** What to work on **
Show all the lines in the data below that include the word "bool".

** Data to process **
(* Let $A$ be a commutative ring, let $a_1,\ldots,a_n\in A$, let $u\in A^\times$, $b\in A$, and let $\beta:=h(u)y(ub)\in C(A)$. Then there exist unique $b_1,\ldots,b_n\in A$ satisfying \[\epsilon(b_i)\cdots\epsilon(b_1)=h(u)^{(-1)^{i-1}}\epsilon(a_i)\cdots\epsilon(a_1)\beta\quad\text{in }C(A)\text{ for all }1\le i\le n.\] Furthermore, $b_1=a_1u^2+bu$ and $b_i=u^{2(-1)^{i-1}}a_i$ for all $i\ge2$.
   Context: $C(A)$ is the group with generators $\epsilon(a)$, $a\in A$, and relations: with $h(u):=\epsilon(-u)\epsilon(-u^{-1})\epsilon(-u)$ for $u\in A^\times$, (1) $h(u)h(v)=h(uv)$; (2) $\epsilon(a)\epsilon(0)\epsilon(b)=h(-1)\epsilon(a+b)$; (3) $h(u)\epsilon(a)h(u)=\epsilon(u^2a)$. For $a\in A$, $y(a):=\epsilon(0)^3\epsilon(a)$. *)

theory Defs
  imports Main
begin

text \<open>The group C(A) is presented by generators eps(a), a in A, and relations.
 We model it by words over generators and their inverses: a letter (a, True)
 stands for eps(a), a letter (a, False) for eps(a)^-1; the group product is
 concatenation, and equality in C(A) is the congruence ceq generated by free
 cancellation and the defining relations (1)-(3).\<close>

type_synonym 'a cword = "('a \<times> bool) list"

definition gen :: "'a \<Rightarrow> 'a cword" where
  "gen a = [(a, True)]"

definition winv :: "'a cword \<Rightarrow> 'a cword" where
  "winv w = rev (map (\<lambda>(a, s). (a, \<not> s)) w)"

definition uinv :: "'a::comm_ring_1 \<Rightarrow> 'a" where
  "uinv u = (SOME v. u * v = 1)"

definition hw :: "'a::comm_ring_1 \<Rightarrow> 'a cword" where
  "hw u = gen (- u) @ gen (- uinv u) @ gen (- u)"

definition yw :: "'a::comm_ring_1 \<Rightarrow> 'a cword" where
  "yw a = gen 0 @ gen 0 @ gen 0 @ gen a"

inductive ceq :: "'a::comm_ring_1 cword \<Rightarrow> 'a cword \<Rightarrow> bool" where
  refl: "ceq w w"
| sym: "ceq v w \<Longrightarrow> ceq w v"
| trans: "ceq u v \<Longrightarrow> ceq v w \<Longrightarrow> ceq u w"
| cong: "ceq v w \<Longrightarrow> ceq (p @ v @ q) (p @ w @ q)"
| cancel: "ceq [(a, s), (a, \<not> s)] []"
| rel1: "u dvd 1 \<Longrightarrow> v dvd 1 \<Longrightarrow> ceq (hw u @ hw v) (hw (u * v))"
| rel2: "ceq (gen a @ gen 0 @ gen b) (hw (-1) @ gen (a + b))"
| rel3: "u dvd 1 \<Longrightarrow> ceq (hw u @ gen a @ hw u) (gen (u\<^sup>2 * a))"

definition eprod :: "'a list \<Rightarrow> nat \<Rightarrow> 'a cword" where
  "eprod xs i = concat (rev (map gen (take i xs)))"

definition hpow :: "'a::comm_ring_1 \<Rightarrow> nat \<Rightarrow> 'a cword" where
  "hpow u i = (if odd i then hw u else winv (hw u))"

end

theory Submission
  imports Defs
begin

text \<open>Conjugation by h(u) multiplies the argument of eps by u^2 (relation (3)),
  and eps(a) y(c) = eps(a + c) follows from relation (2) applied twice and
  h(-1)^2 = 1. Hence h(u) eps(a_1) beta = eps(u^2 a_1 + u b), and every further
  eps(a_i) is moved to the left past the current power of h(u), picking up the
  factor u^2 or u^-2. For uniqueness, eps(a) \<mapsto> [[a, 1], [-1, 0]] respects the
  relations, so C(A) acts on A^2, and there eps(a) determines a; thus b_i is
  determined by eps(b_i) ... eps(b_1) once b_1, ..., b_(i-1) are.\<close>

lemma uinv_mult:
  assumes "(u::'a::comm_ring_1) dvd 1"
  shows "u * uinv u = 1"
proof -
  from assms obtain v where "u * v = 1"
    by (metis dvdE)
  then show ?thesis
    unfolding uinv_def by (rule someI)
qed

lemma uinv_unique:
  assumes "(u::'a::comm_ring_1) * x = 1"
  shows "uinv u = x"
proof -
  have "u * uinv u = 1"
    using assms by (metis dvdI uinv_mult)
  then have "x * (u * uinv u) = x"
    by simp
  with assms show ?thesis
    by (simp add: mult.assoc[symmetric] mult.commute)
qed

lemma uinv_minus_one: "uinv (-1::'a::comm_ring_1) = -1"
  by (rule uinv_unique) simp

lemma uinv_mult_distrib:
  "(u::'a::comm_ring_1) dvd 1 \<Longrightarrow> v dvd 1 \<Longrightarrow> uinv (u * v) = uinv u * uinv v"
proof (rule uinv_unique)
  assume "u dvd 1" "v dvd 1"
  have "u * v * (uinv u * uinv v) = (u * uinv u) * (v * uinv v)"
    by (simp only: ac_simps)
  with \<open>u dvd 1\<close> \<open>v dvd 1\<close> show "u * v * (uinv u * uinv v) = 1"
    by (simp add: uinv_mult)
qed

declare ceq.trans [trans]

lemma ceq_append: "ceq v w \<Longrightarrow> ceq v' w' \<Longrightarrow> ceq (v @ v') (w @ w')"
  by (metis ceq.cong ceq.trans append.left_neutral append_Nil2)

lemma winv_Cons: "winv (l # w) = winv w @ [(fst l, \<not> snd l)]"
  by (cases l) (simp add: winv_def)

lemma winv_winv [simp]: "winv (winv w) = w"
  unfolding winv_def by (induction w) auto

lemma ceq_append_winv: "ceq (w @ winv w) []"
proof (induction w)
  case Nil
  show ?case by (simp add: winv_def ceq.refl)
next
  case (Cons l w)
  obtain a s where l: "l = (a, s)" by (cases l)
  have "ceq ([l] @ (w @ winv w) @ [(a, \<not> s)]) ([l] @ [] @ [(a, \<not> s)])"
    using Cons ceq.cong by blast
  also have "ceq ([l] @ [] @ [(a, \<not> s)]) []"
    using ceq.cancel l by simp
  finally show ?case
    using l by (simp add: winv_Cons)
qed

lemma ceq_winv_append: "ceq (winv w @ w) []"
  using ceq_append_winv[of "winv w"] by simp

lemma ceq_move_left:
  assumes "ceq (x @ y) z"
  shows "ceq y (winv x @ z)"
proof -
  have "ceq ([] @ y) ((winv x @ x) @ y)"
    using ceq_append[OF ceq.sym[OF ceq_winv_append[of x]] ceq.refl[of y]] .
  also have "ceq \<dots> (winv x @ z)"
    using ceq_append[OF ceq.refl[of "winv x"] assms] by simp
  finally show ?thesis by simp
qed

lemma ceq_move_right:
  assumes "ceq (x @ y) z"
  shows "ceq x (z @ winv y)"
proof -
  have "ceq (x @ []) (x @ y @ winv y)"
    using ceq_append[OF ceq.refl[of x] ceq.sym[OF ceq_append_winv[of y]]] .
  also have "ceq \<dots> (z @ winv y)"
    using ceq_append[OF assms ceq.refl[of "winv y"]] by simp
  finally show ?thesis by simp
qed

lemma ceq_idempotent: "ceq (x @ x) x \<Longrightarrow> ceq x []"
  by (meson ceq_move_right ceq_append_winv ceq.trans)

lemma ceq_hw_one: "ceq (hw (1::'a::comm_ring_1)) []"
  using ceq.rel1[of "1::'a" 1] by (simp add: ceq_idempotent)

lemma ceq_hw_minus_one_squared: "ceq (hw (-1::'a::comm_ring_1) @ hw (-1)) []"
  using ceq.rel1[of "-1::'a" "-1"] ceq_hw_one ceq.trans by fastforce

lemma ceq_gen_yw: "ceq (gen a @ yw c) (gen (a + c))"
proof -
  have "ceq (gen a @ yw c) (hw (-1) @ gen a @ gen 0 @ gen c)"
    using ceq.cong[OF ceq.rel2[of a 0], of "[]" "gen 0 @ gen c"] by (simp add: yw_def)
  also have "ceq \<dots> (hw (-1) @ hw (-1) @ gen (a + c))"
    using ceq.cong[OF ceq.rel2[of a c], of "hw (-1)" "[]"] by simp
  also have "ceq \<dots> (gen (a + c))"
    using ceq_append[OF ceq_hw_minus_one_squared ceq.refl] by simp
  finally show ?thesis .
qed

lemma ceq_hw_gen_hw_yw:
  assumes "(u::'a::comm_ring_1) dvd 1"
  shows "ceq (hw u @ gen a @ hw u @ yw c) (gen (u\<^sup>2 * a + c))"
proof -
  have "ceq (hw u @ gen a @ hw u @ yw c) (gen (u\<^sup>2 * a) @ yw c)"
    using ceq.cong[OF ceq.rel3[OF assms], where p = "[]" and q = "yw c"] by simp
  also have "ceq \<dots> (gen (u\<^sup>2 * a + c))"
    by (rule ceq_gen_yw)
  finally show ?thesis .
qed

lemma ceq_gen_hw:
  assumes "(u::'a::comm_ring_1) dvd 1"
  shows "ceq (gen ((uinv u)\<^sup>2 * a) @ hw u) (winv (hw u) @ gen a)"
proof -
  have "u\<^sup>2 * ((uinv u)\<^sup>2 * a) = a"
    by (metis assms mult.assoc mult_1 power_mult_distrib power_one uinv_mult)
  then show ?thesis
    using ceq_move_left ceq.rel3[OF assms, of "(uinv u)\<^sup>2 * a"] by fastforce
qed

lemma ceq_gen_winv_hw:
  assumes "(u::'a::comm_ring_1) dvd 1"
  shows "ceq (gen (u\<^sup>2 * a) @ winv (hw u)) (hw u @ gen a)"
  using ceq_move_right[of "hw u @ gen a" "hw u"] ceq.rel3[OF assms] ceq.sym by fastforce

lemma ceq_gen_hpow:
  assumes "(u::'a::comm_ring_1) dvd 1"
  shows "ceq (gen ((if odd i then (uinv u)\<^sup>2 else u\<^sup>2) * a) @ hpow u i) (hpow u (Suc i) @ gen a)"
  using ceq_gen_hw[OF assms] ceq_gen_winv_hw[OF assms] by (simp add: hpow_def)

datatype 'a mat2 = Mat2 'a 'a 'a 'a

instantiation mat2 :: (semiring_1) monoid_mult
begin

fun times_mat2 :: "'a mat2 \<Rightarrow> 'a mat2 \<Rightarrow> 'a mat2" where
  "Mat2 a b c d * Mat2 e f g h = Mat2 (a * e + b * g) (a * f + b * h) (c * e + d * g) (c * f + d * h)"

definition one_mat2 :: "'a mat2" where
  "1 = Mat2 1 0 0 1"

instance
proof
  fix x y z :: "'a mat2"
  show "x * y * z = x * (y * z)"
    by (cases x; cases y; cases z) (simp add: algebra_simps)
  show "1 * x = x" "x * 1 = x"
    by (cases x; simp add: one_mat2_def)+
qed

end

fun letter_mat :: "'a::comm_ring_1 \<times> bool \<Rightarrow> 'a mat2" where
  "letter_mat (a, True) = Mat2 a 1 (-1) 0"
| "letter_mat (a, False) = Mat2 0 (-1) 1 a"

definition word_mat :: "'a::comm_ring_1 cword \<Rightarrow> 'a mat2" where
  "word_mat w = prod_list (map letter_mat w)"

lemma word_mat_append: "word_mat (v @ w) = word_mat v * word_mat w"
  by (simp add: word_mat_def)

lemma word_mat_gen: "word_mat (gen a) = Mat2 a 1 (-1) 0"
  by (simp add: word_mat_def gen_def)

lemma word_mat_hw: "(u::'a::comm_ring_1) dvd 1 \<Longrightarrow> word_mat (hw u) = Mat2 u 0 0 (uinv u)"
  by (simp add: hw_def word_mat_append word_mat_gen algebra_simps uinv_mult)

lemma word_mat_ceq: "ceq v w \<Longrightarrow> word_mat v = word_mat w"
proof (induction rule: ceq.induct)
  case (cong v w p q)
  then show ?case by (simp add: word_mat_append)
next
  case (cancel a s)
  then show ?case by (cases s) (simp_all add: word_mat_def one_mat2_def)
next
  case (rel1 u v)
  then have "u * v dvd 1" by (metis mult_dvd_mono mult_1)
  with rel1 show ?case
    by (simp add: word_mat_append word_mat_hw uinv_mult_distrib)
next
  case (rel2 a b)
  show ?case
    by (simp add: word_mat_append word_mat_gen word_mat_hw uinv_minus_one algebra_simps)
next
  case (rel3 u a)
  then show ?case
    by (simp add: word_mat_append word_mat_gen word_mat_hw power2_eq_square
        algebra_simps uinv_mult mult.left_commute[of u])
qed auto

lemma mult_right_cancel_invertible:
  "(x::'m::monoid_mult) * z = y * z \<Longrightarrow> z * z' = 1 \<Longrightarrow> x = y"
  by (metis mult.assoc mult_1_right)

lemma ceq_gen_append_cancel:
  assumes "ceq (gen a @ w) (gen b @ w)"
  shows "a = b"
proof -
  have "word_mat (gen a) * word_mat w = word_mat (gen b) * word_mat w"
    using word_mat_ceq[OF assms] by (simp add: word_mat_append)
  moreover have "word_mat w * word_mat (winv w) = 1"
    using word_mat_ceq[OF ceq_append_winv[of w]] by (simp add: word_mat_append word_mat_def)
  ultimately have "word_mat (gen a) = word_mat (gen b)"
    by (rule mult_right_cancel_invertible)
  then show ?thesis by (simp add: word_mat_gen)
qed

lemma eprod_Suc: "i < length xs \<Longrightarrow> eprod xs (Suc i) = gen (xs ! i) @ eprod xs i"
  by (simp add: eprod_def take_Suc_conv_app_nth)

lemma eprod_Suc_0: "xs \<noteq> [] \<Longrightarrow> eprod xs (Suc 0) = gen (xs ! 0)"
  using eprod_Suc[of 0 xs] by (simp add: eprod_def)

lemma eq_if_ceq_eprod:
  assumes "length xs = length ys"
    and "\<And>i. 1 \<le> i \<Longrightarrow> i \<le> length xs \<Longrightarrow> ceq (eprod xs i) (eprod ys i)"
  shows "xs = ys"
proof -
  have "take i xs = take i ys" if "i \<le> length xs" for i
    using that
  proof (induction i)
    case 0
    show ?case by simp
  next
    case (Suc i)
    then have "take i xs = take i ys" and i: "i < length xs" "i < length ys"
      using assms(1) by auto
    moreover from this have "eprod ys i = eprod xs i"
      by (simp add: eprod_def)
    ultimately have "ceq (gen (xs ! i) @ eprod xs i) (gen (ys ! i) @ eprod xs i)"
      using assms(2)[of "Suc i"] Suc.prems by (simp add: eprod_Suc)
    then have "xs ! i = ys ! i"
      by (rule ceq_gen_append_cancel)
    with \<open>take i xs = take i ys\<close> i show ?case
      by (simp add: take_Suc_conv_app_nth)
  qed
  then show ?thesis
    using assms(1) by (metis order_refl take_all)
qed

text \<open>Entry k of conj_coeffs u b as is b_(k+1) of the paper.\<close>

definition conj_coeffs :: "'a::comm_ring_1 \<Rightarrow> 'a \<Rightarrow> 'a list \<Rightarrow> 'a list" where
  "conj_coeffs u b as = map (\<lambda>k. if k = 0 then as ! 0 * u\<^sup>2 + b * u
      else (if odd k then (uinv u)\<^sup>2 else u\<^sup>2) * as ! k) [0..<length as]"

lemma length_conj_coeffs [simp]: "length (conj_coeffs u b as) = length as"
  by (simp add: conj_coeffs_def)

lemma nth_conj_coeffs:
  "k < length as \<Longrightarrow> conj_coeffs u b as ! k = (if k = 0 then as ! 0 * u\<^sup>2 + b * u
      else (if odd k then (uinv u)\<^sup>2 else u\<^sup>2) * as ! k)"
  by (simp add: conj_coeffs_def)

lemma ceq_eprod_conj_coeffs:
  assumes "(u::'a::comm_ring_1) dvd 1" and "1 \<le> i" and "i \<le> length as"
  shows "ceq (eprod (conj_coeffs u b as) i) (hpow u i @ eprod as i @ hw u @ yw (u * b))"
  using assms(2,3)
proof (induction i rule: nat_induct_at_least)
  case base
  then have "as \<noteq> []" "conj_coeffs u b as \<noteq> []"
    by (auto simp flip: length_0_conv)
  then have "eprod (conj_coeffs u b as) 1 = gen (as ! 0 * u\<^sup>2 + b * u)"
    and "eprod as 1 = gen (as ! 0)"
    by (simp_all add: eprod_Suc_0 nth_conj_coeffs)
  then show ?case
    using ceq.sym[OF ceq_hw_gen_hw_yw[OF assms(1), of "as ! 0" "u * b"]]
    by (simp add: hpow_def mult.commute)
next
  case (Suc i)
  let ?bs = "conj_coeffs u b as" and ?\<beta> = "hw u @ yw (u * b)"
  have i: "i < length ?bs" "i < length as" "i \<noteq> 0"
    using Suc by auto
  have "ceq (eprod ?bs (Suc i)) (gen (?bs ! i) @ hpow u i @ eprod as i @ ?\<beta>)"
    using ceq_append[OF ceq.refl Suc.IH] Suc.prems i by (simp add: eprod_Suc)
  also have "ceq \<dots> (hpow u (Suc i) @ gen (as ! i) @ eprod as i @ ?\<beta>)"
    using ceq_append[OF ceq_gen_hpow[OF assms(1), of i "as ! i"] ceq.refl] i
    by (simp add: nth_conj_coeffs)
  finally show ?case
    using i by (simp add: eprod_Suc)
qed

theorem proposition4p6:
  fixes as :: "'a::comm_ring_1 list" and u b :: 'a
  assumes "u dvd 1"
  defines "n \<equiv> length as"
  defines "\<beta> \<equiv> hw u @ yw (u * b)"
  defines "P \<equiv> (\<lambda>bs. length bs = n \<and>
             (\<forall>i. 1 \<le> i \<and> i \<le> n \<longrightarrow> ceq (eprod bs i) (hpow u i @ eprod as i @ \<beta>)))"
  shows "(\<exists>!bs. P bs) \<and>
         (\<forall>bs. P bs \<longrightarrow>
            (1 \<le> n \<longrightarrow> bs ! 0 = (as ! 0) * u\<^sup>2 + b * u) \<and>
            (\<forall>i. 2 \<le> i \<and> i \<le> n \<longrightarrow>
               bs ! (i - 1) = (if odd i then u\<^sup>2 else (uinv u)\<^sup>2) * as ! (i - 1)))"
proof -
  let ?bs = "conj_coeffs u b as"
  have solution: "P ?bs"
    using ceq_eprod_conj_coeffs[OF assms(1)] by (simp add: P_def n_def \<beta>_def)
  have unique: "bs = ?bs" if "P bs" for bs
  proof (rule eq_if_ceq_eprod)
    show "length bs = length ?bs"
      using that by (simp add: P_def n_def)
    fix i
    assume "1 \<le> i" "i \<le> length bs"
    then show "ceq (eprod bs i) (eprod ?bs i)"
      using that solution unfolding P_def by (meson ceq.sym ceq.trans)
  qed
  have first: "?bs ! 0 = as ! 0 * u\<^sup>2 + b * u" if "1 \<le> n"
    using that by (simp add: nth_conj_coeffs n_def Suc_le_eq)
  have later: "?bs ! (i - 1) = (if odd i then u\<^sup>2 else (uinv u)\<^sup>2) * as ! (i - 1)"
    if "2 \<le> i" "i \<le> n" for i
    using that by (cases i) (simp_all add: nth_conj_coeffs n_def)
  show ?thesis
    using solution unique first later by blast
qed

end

** Solved exercise **
type_synonym 'a cword = "('a \<times> bool) list"
inductive ceq :: "'a::comm_ring_1 cword \<Rightarrow> 'a cword \<Rightarrow> bool" where
fun letter_mat :: "'a::comm_ring_1 \<times> bool \<Rightarrow> 'a mat2" where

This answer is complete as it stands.